[MATERIAL FOR THIS TASK]:
┏━━
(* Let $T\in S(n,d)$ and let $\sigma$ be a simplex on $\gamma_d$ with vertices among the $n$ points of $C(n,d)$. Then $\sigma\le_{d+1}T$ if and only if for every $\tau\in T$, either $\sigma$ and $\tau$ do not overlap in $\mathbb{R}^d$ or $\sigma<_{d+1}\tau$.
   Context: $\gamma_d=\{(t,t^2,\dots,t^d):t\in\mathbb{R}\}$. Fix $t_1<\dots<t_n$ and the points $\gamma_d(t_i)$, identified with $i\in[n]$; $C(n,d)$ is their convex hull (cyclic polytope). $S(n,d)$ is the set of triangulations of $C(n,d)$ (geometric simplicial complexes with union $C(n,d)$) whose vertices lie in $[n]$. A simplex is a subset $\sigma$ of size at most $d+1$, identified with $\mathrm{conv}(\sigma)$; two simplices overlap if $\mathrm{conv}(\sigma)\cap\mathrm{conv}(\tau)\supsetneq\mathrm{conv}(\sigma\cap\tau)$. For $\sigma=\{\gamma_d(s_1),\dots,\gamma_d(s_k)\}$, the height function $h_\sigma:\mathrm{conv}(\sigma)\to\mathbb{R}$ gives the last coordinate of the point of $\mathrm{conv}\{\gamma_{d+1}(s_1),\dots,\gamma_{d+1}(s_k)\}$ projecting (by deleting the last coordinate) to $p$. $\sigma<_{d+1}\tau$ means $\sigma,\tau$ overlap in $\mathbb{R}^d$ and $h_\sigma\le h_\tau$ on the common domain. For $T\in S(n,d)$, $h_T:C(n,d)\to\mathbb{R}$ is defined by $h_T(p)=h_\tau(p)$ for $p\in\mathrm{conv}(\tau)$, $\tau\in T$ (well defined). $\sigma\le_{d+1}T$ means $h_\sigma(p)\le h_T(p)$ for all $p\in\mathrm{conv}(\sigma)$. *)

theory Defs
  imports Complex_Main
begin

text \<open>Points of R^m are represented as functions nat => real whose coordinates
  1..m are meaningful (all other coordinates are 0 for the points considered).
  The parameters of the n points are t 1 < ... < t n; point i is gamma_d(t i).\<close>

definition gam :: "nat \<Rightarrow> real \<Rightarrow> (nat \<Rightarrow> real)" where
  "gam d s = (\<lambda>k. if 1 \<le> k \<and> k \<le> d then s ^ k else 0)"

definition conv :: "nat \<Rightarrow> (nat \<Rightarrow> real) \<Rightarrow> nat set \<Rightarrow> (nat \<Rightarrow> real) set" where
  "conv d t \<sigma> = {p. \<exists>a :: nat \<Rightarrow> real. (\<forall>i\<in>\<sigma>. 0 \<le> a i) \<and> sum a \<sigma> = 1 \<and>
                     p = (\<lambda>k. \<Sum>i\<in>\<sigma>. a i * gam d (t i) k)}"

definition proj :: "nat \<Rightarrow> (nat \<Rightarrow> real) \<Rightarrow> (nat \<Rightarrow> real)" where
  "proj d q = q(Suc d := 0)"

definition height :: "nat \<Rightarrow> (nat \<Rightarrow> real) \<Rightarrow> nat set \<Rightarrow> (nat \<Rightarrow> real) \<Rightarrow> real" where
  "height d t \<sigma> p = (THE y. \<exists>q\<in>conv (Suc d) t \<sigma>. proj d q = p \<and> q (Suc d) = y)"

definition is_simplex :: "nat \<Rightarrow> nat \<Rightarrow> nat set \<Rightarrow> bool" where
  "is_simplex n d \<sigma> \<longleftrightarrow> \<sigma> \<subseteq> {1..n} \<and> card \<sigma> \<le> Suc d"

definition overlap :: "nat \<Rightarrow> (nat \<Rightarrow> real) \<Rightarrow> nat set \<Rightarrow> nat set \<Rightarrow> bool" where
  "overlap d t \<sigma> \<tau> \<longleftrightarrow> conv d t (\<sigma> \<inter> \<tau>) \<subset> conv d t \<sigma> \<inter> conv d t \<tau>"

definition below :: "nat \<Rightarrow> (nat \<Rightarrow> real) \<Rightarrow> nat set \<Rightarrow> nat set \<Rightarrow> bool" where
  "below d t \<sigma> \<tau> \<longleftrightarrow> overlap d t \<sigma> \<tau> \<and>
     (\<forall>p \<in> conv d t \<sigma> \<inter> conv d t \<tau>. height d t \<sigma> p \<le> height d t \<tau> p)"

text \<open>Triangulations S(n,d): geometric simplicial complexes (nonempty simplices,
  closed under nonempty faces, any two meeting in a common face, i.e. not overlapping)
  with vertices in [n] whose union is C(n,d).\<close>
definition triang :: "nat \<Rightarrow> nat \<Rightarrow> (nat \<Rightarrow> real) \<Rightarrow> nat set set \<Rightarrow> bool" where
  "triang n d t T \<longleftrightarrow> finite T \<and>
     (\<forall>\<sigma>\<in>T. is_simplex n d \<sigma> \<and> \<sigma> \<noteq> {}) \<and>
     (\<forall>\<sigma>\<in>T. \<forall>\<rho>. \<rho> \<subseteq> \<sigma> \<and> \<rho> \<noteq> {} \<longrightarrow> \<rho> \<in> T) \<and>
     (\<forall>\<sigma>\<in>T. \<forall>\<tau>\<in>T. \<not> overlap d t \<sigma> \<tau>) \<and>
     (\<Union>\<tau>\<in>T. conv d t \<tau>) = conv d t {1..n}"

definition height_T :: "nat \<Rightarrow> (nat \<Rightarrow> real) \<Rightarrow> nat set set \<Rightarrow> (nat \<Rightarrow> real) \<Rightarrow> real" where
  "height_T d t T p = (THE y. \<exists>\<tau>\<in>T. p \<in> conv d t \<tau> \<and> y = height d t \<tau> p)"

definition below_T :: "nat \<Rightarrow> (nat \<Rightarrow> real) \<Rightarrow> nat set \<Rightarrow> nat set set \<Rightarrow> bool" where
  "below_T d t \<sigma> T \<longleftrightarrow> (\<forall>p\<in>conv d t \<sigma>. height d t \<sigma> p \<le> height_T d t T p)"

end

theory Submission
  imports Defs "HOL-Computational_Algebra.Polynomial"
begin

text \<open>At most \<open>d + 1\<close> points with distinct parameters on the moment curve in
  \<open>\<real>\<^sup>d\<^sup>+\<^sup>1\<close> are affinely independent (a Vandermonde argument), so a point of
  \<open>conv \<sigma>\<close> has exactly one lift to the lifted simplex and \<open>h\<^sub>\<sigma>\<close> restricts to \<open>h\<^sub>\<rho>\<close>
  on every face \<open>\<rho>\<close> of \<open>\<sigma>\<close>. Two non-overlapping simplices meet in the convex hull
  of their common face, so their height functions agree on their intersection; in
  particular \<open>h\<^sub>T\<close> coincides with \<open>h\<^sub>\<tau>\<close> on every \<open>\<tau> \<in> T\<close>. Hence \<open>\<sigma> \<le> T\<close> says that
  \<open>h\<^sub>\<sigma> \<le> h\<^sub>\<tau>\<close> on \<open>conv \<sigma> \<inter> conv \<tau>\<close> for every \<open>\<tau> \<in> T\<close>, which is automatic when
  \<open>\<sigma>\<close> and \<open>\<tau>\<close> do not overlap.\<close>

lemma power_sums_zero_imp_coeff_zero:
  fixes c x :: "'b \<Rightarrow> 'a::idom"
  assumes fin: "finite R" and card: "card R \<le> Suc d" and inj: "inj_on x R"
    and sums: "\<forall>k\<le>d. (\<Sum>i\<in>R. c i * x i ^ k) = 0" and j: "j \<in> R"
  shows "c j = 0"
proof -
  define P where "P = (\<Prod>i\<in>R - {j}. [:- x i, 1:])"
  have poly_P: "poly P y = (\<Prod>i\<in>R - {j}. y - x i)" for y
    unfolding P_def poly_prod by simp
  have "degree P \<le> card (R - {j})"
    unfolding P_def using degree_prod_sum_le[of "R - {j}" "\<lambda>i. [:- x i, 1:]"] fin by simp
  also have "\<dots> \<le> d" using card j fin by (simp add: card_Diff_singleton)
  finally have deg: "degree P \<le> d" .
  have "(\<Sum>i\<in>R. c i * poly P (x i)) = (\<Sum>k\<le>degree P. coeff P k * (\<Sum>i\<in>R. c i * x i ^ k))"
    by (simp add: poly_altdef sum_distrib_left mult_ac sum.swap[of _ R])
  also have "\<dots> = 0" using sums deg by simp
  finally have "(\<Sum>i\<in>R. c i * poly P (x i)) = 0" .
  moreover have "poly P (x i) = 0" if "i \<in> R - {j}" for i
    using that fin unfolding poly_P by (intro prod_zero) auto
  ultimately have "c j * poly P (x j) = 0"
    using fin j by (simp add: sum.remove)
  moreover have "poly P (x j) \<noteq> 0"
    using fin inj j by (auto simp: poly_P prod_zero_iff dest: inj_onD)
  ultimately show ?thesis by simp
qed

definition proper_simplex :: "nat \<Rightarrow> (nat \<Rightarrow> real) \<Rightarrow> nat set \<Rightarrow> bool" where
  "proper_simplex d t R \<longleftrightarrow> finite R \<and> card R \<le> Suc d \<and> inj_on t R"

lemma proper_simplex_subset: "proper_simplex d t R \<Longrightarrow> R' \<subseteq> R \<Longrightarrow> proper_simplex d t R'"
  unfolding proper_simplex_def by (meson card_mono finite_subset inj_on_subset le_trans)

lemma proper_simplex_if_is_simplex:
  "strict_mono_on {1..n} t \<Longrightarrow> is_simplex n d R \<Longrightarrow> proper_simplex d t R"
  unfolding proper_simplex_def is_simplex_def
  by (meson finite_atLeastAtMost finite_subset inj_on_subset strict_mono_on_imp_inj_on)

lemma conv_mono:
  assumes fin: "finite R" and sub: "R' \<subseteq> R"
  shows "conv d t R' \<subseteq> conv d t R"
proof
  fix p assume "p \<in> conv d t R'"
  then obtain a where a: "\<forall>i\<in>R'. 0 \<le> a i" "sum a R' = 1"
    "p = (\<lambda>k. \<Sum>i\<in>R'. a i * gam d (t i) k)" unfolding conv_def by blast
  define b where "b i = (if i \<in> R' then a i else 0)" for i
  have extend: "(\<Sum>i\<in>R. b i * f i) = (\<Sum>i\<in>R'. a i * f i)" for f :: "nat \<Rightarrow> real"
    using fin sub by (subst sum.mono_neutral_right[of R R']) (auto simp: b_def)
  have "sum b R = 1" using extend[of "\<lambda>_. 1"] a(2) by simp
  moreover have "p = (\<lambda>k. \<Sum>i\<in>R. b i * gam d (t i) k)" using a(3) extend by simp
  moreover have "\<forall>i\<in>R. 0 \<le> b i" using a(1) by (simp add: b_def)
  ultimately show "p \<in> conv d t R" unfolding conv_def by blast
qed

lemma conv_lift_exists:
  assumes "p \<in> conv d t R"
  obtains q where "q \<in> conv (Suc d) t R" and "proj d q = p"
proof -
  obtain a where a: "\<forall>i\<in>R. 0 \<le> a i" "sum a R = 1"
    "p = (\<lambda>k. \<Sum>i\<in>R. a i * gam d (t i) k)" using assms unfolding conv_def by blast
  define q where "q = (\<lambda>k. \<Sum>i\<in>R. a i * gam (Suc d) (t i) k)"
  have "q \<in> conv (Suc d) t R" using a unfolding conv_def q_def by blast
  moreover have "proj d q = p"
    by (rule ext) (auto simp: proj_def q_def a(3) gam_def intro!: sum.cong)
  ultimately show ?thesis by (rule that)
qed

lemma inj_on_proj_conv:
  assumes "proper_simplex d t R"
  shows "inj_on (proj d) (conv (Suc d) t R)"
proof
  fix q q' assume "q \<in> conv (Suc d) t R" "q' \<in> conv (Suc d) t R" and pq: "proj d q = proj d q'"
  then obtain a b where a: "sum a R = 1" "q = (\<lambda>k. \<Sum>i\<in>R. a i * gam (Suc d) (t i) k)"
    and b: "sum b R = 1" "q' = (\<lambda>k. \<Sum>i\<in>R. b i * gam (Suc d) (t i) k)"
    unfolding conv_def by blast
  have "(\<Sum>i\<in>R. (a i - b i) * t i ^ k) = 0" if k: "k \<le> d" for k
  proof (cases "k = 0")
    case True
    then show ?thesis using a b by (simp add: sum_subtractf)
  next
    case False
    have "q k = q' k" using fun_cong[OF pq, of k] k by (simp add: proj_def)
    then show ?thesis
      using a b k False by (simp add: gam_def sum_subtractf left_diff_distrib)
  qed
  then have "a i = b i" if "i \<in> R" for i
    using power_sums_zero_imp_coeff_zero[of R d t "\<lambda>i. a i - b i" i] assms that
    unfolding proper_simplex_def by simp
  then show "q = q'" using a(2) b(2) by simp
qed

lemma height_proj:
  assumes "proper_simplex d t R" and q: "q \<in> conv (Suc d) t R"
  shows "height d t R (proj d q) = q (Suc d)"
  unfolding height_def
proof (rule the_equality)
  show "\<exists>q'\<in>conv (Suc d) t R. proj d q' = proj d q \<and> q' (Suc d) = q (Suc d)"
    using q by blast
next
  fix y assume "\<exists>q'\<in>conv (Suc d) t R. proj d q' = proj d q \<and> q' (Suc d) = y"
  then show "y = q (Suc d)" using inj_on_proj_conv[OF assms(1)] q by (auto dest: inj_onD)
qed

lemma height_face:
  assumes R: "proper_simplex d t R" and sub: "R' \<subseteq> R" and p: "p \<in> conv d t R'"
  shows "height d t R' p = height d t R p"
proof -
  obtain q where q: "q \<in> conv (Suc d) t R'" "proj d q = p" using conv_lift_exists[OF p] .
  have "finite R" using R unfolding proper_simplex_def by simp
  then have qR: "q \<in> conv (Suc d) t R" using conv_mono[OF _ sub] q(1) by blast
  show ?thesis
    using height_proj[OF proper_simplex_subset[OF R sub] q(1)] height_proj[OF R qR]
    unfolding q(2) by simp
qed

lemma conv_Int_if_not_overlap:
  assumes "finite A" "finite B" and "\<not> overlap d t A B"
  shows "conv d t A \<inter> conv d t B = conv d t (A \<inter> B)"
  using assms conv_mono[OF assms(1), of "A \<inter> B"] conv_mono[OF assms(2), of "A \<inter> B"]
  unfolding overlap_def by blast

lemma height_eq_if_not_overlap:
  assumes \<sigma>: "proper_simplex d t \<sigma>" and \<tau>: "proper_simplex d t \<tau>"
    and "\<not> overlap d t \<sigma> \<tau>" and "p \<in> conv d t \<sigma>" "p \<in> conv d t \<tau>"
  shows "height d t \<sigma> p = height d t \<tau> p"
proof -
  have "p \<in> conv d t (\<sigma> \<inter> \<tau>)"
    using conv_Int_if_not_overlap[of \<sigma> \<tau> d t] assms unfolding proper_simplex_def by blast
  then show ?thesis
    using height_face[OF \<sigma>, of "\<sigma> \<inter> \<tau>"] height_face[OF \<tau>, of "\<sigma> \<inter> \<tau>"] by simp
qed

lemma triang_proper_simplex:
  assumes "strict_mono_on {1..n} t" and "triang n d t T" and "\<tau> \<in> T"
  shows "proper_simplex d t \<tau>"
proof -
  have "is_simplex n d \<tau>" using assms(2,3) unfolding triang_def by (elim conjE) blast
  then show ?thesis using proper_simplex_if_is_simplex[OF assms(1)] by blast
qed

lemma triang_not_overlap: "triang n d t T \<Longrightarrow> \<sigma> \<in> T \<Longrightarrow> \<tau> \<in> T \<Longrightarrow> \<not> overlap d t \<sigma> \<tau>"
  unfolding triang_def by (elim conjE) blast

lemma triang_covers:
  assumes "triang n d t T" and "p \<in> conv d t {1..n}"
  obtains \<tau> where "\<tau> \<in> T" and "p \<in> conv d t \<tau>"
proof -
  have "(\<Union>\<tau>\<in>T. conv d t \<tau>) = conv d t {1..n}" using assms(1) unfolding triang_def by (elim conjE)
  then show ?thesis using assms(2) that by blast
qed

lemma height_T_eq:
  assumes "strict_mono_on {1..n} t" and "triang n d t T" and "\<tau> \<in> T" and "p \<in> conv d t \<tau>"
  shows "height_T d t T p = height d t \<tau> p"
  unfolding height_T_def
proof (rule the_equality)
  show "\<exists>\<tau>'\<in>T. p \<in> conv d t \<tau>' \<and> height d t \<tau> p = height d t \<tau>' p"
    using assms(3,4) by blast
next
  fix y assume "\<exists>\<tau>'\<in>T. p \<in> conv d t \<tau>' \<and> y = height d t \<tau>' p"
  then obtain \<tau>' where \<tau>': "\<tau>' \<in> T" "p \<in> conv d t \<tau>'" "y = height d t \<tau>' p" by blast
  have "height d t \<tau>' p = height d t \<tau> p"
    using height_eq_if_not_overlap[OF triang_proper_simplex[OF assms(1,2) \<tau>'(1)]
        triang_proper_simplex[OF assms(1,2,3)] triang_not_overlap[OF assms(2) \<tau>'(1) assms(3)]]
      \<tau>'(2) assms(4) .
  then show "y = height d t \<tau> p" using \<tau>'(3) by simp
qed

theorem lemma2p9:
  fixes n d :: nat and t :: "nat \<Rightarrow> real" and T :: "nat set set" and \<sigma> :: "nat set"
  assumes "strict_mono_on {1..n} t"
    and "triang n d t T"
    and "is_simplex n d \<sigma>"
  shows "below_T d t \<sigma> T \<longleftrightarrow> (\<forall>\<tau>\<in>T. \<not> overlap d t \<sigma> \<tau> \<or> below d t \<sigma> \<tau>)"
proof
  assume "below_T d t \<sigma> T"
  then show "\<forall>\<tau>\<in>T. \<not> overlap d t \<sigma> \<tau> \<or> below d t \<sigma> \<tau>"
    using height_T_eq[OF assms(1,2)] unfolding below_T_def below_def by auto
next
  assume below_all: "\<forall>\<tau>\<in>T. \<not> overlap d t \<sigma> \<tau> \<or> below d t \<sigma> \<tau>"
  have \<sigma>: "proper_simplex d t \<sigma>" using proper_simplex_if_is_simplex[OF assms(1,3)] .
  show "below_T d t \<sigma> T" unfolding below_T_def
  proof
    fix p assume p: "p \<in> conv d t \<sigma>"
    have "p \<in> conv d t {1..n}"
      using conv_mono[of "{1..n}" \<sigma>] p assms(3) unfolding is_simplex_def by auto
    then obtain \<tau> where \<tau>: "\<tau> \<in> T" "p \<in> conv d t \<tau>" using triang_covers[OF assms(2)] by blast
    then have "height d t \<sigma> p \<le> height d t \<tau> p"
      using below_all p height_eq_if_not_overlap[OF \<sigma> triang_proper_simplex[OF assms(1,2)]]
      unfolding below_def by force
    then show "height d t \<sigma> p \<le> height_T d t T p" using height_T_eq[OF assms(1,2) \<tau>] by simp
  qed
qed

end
┗━━
Collect from the data above every line that includes "moreover".

  moreover have "poly P (x i) = 0" if "i \<in> R - {j}" for i
  moreover have "poly P (x j) \<noteq> 0"
  moreover have "p = (\<lambda>k. \<Sum>i\<in>R. b i * gam d (t i) k)" using a(3) extend by simp
  moreover have "\<forall>i\<in>R. 0 \<le> b i" using a(1) by (simp add: b_def)
  moreover have "proj d q = p"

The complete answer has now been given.